The support we gave one another was in stark contrast to another equally large group climbing the same route as us.  These climbers, part of a co-ed hiking group from eastern Europe, were competitive, arrogant and incredibly impatient to get to the top.  As a result some of them experienced injuries (including a near face-plant from a daredevil stunt) and more severe forms of altitude sickness.  Not all of them made it to the top on summit day.  To them climbing Kilimanjaro wasn’t an experience at all, it was just another mountain to tick off their list and I was relieved they weren’t my hiking partners.

*Due to popular demand WHOA Travel is now offering hikes 4 times a year but at the time I booked they were only offering it in March and June.

The Verdict: If you’re a female traveler who doesn’t want to go solo on your next adventure I would highly recommend checking out WHOA Travel.  They don’t just do Kilimanjaro hikes either!  You can choose to bike in India, hike to Machu Picchu in Peru, do yoga in Costa Rica or drink beer at Oktoberfest in Germany.  They’ve also recently added expeditions to Mount Elbrus and Everest Base Camp plus a sailing adventure in the Caribbean.  There are always new adventures popping up on their site so check back frequently!

Tips and Tricks: Kilimanjaro is WHOA’s most popular adventure but it’s also the most challenging, both physically and mentally.  While the 7-Day Machame Route is totally doable you really need to be in good physical shape to climb it.  If you’re overweight like me that can mean getting into a fitness routine up to 6 months in advance, though more fit hikers can choose to book at the last minute.  In fact Karen, my tent mate, decided to join just 2 days before we hit the trail!

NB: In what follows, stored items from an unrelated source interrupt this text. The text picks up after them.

lemma euler_homogeneous:
  fixes f :: "'n::finite cpt \<Rightarrow> complex"
  assumes "f differentiable at (z, \<zeta>)"
    and homogeneous: "\<And>c. f (z, c *s \<zeta>) = of_real ((cmod c)\<^sup>2) * f (z, \<zeta>)"
  shows "(\<Sum>m\<in>UNIV. cnj (\<zeta> $ m) * dzetabar m f (z, \<zeta>)) = f (z, \<zeta>)"
proof -
  let ?radial = "\<lambda>t::real. (z, \<zeta>) + t *\<^sub>R (0, \<zeta>)"
  have "rdir f (?radial 0) (0, \<zeta>) = 2 * f (z, \<zeta>)"
  proof (rule rdir_along_curve[where g="\<lambda>t. of_real ((1 + t)\<^sup>2) * f (z, \<zeta>)"])
    have "f (?radial t) = of_real ((1 + t)\<^sup>2) * f (z, \<zeta>)" for t
    proof -
      have "?radial t = (z, complex_of_real (1 + t) *s \<zeta>)"
        by (simp add: vec_eq_iff) (simp add: scaleR_conv_of_real algebra_simps)
      then show ?thesis
        using homogeneous[of "of_real (1 + t)"] by (simp only: norm_of_real power2_abs)
    qed
    then show "\<forall>\<^sub>F t in nhds 0. f (?radial t) = of_real ((1 + t)\<^sup>2) * f (z, \<zeta>)"
      by simp
    show "((\<lambda>t. of_real ((1 + t)\<^sup>2) * f (z, \<zeta>)) has_derivative (\<lambda>t. t *\<^sub>R (2 * f (z, \<zeta>)))) (at 0)"
      by (auto intro!: derivative_eq_intros simp: scaleR_conv_of_real)
  qed (use assms(1) in \<open>auto intro!: derivative_eq_intros\<close>)
  moreover
  let ?rotation = "\<lambda>t::real. (z, \<zeta>) + (cos t - 1) *\<^sub>R (0, \<zeta>) + sin t *\<^sub>R (0, \<i> *s \<zeta>)"
  have "rdir f (?rotation 0) (0, \<i> *s \<zeta>) = 0"
  proof (rule rdir_along_curve[where g="\<lambda>t. f (z, \<zeta>)"])
    have "f (?rotation t) = f (z, \<zeta>)" for t
    proof -
      have "?rotation t = (z, cis t *s \<zeta>)"
        by (simp add: vec_eq_iff) (simp add: scaleR_conv_of_real algebra_simps cis.ctr Complex_eq)
      then show ?thesis
        using homogeneous[of "cis t"] by simp
    qed
    then show "\<forall>\<^sub>F t in nhds 0. f (?rotation t) = f (z, \<zeta>)"
      by simp
  qed (use assms(1) in \<open>auto intro!: derivative_eq_intros\<close>)
  ultimately show ?thesis
    by (simp add: sum_cnj_dzetabar[OF assms(1)])
qed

Good to Know:  The fees that WHOA Travel charges to climb Kilimanjaro may seem much higher than other companies charge but a portion of those fees go to sponsor the climb of a local girl in the area.  For our climb we sponsored Elizabeth and Siodi from Kenya, prior students at the Tembea Girl’s School who saw snow for the first time on this journey.  Your fees also include the tips for your porters and guides, something that is usually excluded from the prices that other companies list.

Child Friendly?  Children must be at least 12 years old to be permitted to climb Mount Kilimanjaro but I would recommend it only for older teenagers.  I would love to do a mother/daughter climb with Stink…in about 15 years!

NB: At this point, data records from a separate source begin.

(* Let $q\in\mathbb C\setminus\{0\}$, let $\tau$ be a decorated ideal triangulation of $S$ with underlying ideal triangulation $\lambda$. The assignment $F_\tau(X_i)=q^{\delta_{\mu\nu}\sigma_{ts}}H^s_\mu H^t_\nu$, whenever the edge $\lambda_i$ bounds the $s$-side of $\tau_\mu$ and the $t$-side of $\tau_\nu$ (with $\delta$ the Kronecker delta), extends to an algebra homomorphism $F_\tau:\mathcal T^q_\lambda\to\mathcal K^q_\tau$.
   Context: Let $\bar S$ be a closed oriented surface of genus $g$, $S=\bar S\setminus\{v_1,\dots,v_p\}$, $p\ge1$, $m=2g-2+p>0$. A decorated ideal triangulation $\tau$ is an ideal triangulation $\lambda$ of $S$ (triangulation of $\bar S$ with vertex set exactly $\{v_1,\dots,v_p\}$; two sides of a triangle may lie on the same edge), with edges indexed $\lambda_1,\dots,\lambda_{3m}$, whose $2m$ triangles are numbered $\tau_1,\dots,\tau_{2m}$ and each has one marked corner. The sides of each triangle are numbered $0,1,2$ in counterclockwise order, the $0$-side being opposite the marked corner. The Kashaev algebra $\mathcal K^q_\tau$ is generated by $Y_\mu^{\pm1},Z_\mu^{\pm1}$ with relations $Y_\mu Y_\nu=Y_\nu Y_\mu$, $Z_\mu Z_\nu=Z_\nu Z_\mu$, $Y_\mu Z_\nu=Z_\nu Y_\mu$ ($\mu\ne\nu$), $Z_\mu Y_\mu=q^2Y_\mu Z_\mu$; set $H^0_\mu=Y_\mu Z_\mu^{-1}$, $H^1_\mu=Z_\mu$, $H^2_\mu=Y_\mu^{-1}$, and $\sigma_{st}$ ($s,t\in\{0,1,2\}$) antisymmetric with $\sigma_{10}=\sigma_{02}=\sigma_{21}=1$ (when $\mu=\nu$ the formula for $F_\tau(X_i)$ does not depend on which side is called $s$). The Chekhov–Fock algebra $\mathcal T^q_\lambda$ is generated by $X_1^{\pm1},\dots,X_{3m}^{\pm1}$ with relations $X_iX_j=q^{2\sigma^\lambda_{ij}}X_jX_i$, where $\sigma^\lambda_{ij}=a^\lambda_{ij}-a^\lambda_{ji}$ and $a^\lambda_{ij}$ is the number of corners of triangles of $\lambda$ delimited on the left by $\lambda_i$ and on the right by $\lambda_j$; here a corner lying between two sides of a triangle that are consecutive in the counterclockwise order of its sides is regarded as delimited on the right by the earlier side and on the left by the later side (equivalently, each triangle whose $0,1,2$-sides lie on $\lambda_a,\lambda_b,\lambda_c$ contributes $\sigma_{st}$ to $\sigma^\lambda$ for the pair of edges on its $s$- and $t$-sides). *)

theory Defs
  imports Complex_Main "HOL-Algebra.Ring"
begin

text \<open>Exponent vectors are functions nat => int; an element of the quantum torus with
generators X_0,...,X_{N-1} and relations X_i X_j = q^(2 eps i j) X_j X_i is a finitely
supported complex-valued function on exponent vectors supported in {..<N}.  The monomial
with exponent a stands for the ordered product X_0^(a 0) ... X_(N-1)^(a (N-1)).\<close>

definition qt_carrier :: "nat \<Rightarrow> ((nat \<Rightarrow> int) \<Rightarrow> complex) set" where
  "qt_carrier N = {f. finite {a. f a \<noteq> 0} \<and> (\<forall>a. f a \<noteq> 0 \<longrightarrow> (\<forall>i\<ge>N. a i = 0))}"

text \<open>Cocycle: moving X_j^(b j) to the left past X_i^(a i) for i > j.\<close>
definition qt_coc :: "nat \<Rightarrow> (nat \<Rightarrow> nat \<Rightarrow> int) \<Rightarrow> (nat \<Rightarrow> int) \<Rightarrow> (nat \<Rightarrow> int) \<Rightarrow> int" where
  "qt_coc N eps a b = (\<Sum>i<N. \<Sum>j<i. 2 * eps i j * a i * b j)"

definition qt_mult :: "nat \<Rightarrow> (nat \<Rightarrow> nat \<Rightarrow> int) \<Rightarrow> complex \<Rightarrow>
    ((nat \<Rightarrow> int) \<Rightarrow> complex) \<Rightarrow> ((nat \<Rightarrow> int) \<Rightarrow> complex) \<Rightarrow> ((nat \<Rightarrow> int) \<Rightarrow> complex)" where
  "qt_mult N eps q f g = (\<lambda>a. \<Sum>(b, c) \<in> {(b, c). f b \<noteq> 0 \<and> g c \<noteq> 0 \<and> (\<lambda>k. b k + c k) = a}.
      q powi (qt_coc N eps b c) * f b * g c)"

definition qt_mono :: "(nat \<Rightarrow> int) \<Rightarrow> ((nat \<Rightarrow> int) \<Rightarrow> complex)" where
  "qt_mono a = (\<lambda>b. if b = a then 1 else 0)"

definition qt_smult :: "complex \<Rightarrow> ((nat \<Rightarrow> int) \<Rightarrow> complex) \<Rightarrow> ((nat \<Rightarrow> int) \<Rightarrow> complex)" where
  "qt_smult c f = (\<lambda>a. c * f a)"

definition qtorus :: "nat \<Rightarrow> (nat \<Rightarrow> nat \<Rightarrow> int) \<Rightarrow> complex \<Rightarrow> ((nat \<Rightarrow> int) \<Rightarrow> complex) ring" where
  "qtorus N eps q = \<lparr> carrier = qt_carrier N, mult = qt_mult N eps q, one = qt_mono (\<lambda>_. 0),
      zero = (\<lambda>_. 0), add = (\<lambda>f g a. f a + g a) \<rparr>"

definition qt_gen :: "nat \<Rightarrow> int \<Rightarrow> ((nat \<Rightarrow> int) \<Rightarrow> complex)" where
  "qt_gen i k = qt_mono (\<lambda>j. if j = i then k else 0)"

definition alg_hom where
  "alg_hom R S = {F. F \<in> ring_hom R S \<and> (\<forall>c. \<forall>x\<in>carrier R. F (qt_smult c x) = qt_smult c (F x))}"

text \<open>Indices are 0-based: triangles tau_0..tau_(2m-1), edges lambda_0..lambda_(3m-1).
side mu s is the index of the edge on which the s-side of triangle mu lies (s = 0,1,2,
counterclockwise, 0-side opposite the marked corner).\<close>

definition decorated_ideal_triangulation :: "nat \<Rightarrow> (nat \<Rightarrow> nat \<Rightarrow> nat) \<Rightarrow> bool" where
  "decorated_ideal_triangulation m side \<longleftrightarrow>
     0 < m \<and>
     (\<forall>mu<2*m. \<forall>s<3. side mu s < 3*m) \<and>
     (\<forall>i<3*m. card {(mu, s). mu < 2*m \<and> s < 3 \<and> side mu s = i} = 2) \<and>
     (\<forall>mu<2*m. \<forall>nu<2*m. (mu, nu) \<in>
        {(a, b). a < 2*m \<and> b < 2*m \<and> (\<exists>s<3. \<exists>t<3. side a s = side b t)}\<^sup>*)"

text \<open>a^lambda_ij: number of corners delimited on the left by lambda_i and on the right by
lambda_j; the corner between sides s and (s+1) mod 3 has right side s, left side (s+1) mod 3.\<close>
definition corner_count :: "nat \<Rightarrow> (nat \<Rightarrow> nat \<Rightarrow> nat) \<Rightarrow> nat \<Rightarrow> nat \<Rightarrow> int" where
  "corner_count m side i j =
     int (card {(mu, s). mu < 2*m \<and> s < 3 \<and> side mu ((s + 1) mod 3) = i \<and> side mu s = j})"

definition sigma_lambda :: "nat \<Rightarrow> (nat \<Rightarrow> nat \<Rightarrow> nat) \<Rightarrow> nat \<Rightarrow> nat \<Rightarrow> int" where
  "sigma_lambda m side i j = corner_count m side i j - corner_count m side j i"

definition sig :: "nat \<Rightarrow> nat \<Rightarrow> int" where
  "sig s t = (if (s, t) \<in> {(1,0), (0,2), (2,1)} then 1
              else if (t, s) \<in> {(1,0), (0,2), (2,1)} then -1 else 0)"

definition chekhov_fock :: "nat \<Rightarrow> (nat \<Rightarrow> nat \<Rightarrow> nat) \<Rightarrow> complex \<Rightarrow> ((nat \<Rightarrow> int) \<Rightarrow> complex) ring" where
  "chekhov_fock m side q = qtorus (3*m) (sigma_lambda m side) q"

text \<open>Kashaev algebra K^q_tau: Y_mu is generator 2 mu, Z_mu is generator 2 mu + 1;
the only nontrivial relation is Z_mu Y_mu = q^2 Y_mu Z_mu.\<close>
definition kashaev_eps :: "nat \<Rightarrow> nat \<Rightarrow> int" where
  "kashaev_eps i j = (if even j \<and> i = j + 1 then 1 else if even i \<and> j = i + 1 then -1 else 0)"

definition kashaev :: "nat \<Rightarrow> complex \<Rightarrow> ((nat \<Rightarrow> int) \<Rightarrow> complex) ring" where
  "kashaev m q = qtorus (4*m) kashaev_eps q"

definition Yg :: "nat \<Rightarrow> int \<Rightarrow> ((nat \<Rightarrow> int) \<Rightarrow> complex)" where
  "Yg mu k = qt_gen (2*mu) k"

definition Zg :: "nat \<Rightarrow> int \<Rightarrow> ((nat \<Rightarrow> int) \<Rightarrow> complex)" where
  "Zg mu k = qt_gen (2*mu + 1) k"

definition Hg :: "nat \<Rightarrow> complex \<Rightarrow> nat \<Rightarrow> nat \<Rightarrow> ((nat \<Rightarrow> int) \<Rightarrow> complex)" where
  "Hg m q s mu = (if s = 0 then Yg mu 1 \<otimes>\<^bsub>kashaev m q\<^esub> Zg mu (-1)
                  else if s = 1 then Zg mu 1 else Yg mu (-1))"

end

theory Submission
  imports Defs
begin

text \<open>Write \<open>X^a\<close> for the ordered monomial \<open>qt_mono a\<close> and \<open>W(a) = q^h(a) X^a\<close> for its Weyl
  normalisation, \<open>h = qt_weyl_exp\<close>. Then \<open>W(a) W(b) = q^\<omega>(a,b) W(a+b)\<close>, where \<open>\<omega> = qt_form\<close> is
  the bilinear form of the commutation matrix. Hence an integer matrix \<open>V\<close> whose rows satisfy
  \<open>\<omega>'(V i, V j) = \<omega>(e i, e j)\<close> induces an algebra homomorphism \<open>W(a) \<mapsto> q^\<langle>a,\<lambda>\<rangle> W(V a)\<close> of
  quantum tori, for any twist \<open>\<lambda>\<close>. Each \<open>H^s_\<mu>\<close> is a monomial of the Kashaev algebra, and its
  exponent vector \<open>h^s_\<mu>\<close> satisfies \<open>\<omega>(h^s_\<mu>, h^t_\<nu>) = \<delta>_\<mu>\<nu> \<sigma>_st\<close>. Taking for \<open>V i\<close> the sum of
  \<open>h^s_\<mu>\<close> over the two sides \<open>(\<mu>, s)\<close> lying on \<open>\<lambda>_i\<close>, compatibility becomes the corner count
  defining \<open>\<sigma>^\<lambda>\<close>, and the twist cancelling the Weyl normalisations of the two factors gives
  exactly \<open>F(X_i) = q^(\<delta>_\<mu>\<nu> \<sigma>_ts) H^s_\<mu> H^t_\<nu>\<close>.\<close>

definition qt_weyl_exp :: "nat \<Rightarrow> (nat \<Rightarrow> nat \<Rightarrow> int) \<Rightarrow> (nat \<Rightarrow> int) \<Rightarrow> int" where
  "qt_weyl_exp N e a = (\<Sum>i<N. \<Sum>j<i. e i j * a i * a j)"

definition qt_form :: "nat \<Rightarrow> (nat \<Rightarrow> nat \<Rightarrow> int) \<Rightarrow> (nat \<Rightarrow> int) \<Rightarrow> (nat \<Rightarrow> int) \<Rightarrow> int" where
  "qt_form N e a b = (\<Sum>i<N. \<Sum>j<N. e i j * a i * b j)"

definition qt_exp_map :: "nat \<Rightarrow> (nat \<Rightarrow> nat \<Rightarrow> int) \<Rightarrow> (nat \<Rightarrow> int) \<Rightarrow> (nat \<Rightarrow> int)" where
  "qt_exp_map N V a = (\<lambda>k. \<Sum>i<N. a i * V i k)"

lemma qt_coc_diag: "qt_coc N e a a = 2 * qt_weyl_exp N e a"
  by (simp add: qt_coc_def qt_weyl_exp_def sum_distrib_left mult.assoc)

lemma qt_coc_add_left: "qt_coc N e (\<lambda>k. x k + y k) z = qt_coc N e x z + qt_coc N e y z"
  by (simp add: qt_coc_def algebra_simps sum.distrib)

lemma qt_coc_add_right: "qt_coc N e z (\<lambda>k. x k + y k) = qt_coc N e z x + qt_coc N e z y"
  by (simp add: qt_coc_def algebra_simps sum.distrib)

lemma qt_coc_antisym:
  assumes "\<And>i j. e i j = - e j i"
  shows "qt_coc N e x y - qt_coc N e y x = 2 * qt_form N e x y"
proof (induction N)
  case 0
  then show ?case by (simp add: qt_coc_def qt_form_def)
next
  case (Suc N)
  have diag: "e N N = 0" using assms[of N N] by simp
  define D where "D = (\<Sum>j<N. e N j * x N * y j)"
  define E where "E = (\<Sum>i<N. e i N * x i * y N)"
  have "qt_coc (Suc N) e x y = qt_coc N e x y + 2 * D"
    by (simp add: qt_coc_def D_def sum_distrib_left algebra_simps)
  moreover have "qt_coc (Suc N) e y x = qt_coc N e y x - 2 * E"
    by (simp add: qt_coc_def E_def sum_distrib_left algebra_simps assms[of N] sum_negf)
  moreover have "qt_form (Suc N) e x y = qt_form N e x y + D + E"
    by (simp add: qt_form_def sum.distrib diag D_def E_def algebra_simps)
  ultimately show ?case using Suc by simp
qed

lemma qt_weyl_exp_add:
  assumes "\<And>i j. e i j = - e j i"
  shows "qt_weyl_exp N e (\<lambda>k. x k + y k)
    = qt_weyl_exp N e x + qt_weyl_exp N e y + qt_coc N e x y - qt_form N e x y"
proof -
  have "2 * qt_weyl_exp N e (\<lambda>k. x k + y k)
      = 2 * qt_weyl_exp N e x + 2 * qt_weyl_exp N e y + qt_coc N e x y + qt_coc N e y x"
    by (simp add: qt_coc_diag[symmetric] qt_coc_add_left qt_coc_add_right)
  then show ?thesis using qt_coc_antisym[where N=N and e=e and x=x and y=y, OF assms] by linarith
qed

Read More: If you’re interested in hiking Mount Kilimanjaro you might want to check out my awesome Kili playlist for some inspiring songs, my extensive packing list that includes products for plus-size women or this post about getting in shape before your climb.

This post contains affiliate advertising.  I may receive compensation for purchases made using these banners to help support the running of Travel Fearlessly.  These affiliate programs do not affect the price you pay for products or services.


  1. Thank you so much for this post. I’ve been contemplating doing this during August 2017 which will give me about a year to train. What types of exercise do you suggest? I like to think I’m physically active but that is completely different from hiking one of the most challenging mountains in the world! Any tips would be greatly appreciated!

    • I honestly have zero experience hiking too. All my hiking attempts were failures so I stuck with the gym and walking up and down a huge hill in my neighborhood. If you go with WHOA (or hike the Machame) I suggest the stair climber and the treadmill at an incline. I really REALLY underestimated how much I would be stepping up wooden stairs and rocks and didn’t train on the stair climber enough. That’s what slowed me down the most. I do plan on writing a post about an exercise plan for the Machame Route (geared toward overweight ladies like myself) but I haven’t gotten around to it yet. I’m actually planning on going back to Kili in 2018 or 2019 with my sister so I’m going to have to retrain again for it!